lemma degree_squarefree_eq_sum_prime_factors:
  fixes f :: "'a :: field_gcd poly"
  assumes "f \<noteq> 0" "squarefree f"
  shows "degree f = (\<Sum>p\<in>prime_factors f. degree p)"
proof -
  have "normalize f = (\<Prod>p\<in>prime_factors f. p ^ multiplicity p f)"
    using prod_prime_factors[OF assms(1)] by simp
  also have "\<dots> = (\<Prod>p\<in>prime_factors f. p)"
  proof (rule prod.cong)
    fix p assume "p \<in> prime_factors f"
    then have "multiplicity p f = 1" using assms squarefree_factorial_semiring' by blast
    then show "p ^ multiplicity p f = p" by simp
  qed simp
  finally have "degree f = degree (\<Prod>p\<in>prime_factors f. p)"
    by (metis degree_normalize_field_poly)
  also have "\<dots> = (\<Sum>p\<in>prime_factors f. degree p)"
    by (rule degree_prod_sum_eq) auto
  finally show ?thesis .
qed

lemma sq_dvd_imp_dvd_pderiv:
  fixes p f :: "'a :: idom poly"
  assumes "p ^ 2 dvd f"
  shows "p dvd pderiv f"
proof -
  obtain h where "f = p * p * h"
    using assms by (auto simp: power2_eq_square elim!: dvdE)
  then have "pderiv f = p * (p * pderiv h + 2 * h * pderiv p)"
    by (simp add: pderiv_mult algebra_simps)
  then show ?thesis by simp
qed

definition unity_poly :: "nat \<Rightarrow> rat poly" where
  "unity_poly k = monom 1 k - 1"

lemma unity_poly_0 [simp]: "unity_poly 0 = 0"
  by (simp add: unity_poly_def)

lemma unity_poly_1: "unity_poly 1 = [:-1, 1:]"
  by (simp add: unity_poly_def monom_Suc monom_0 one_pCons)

Work instructions - Go through the lines above and copy any that contain "finally".

Response area -
  finally have "degree f = degree (\<Prod>p\<in>prime_factors f. p)"
  finally show ?thesis .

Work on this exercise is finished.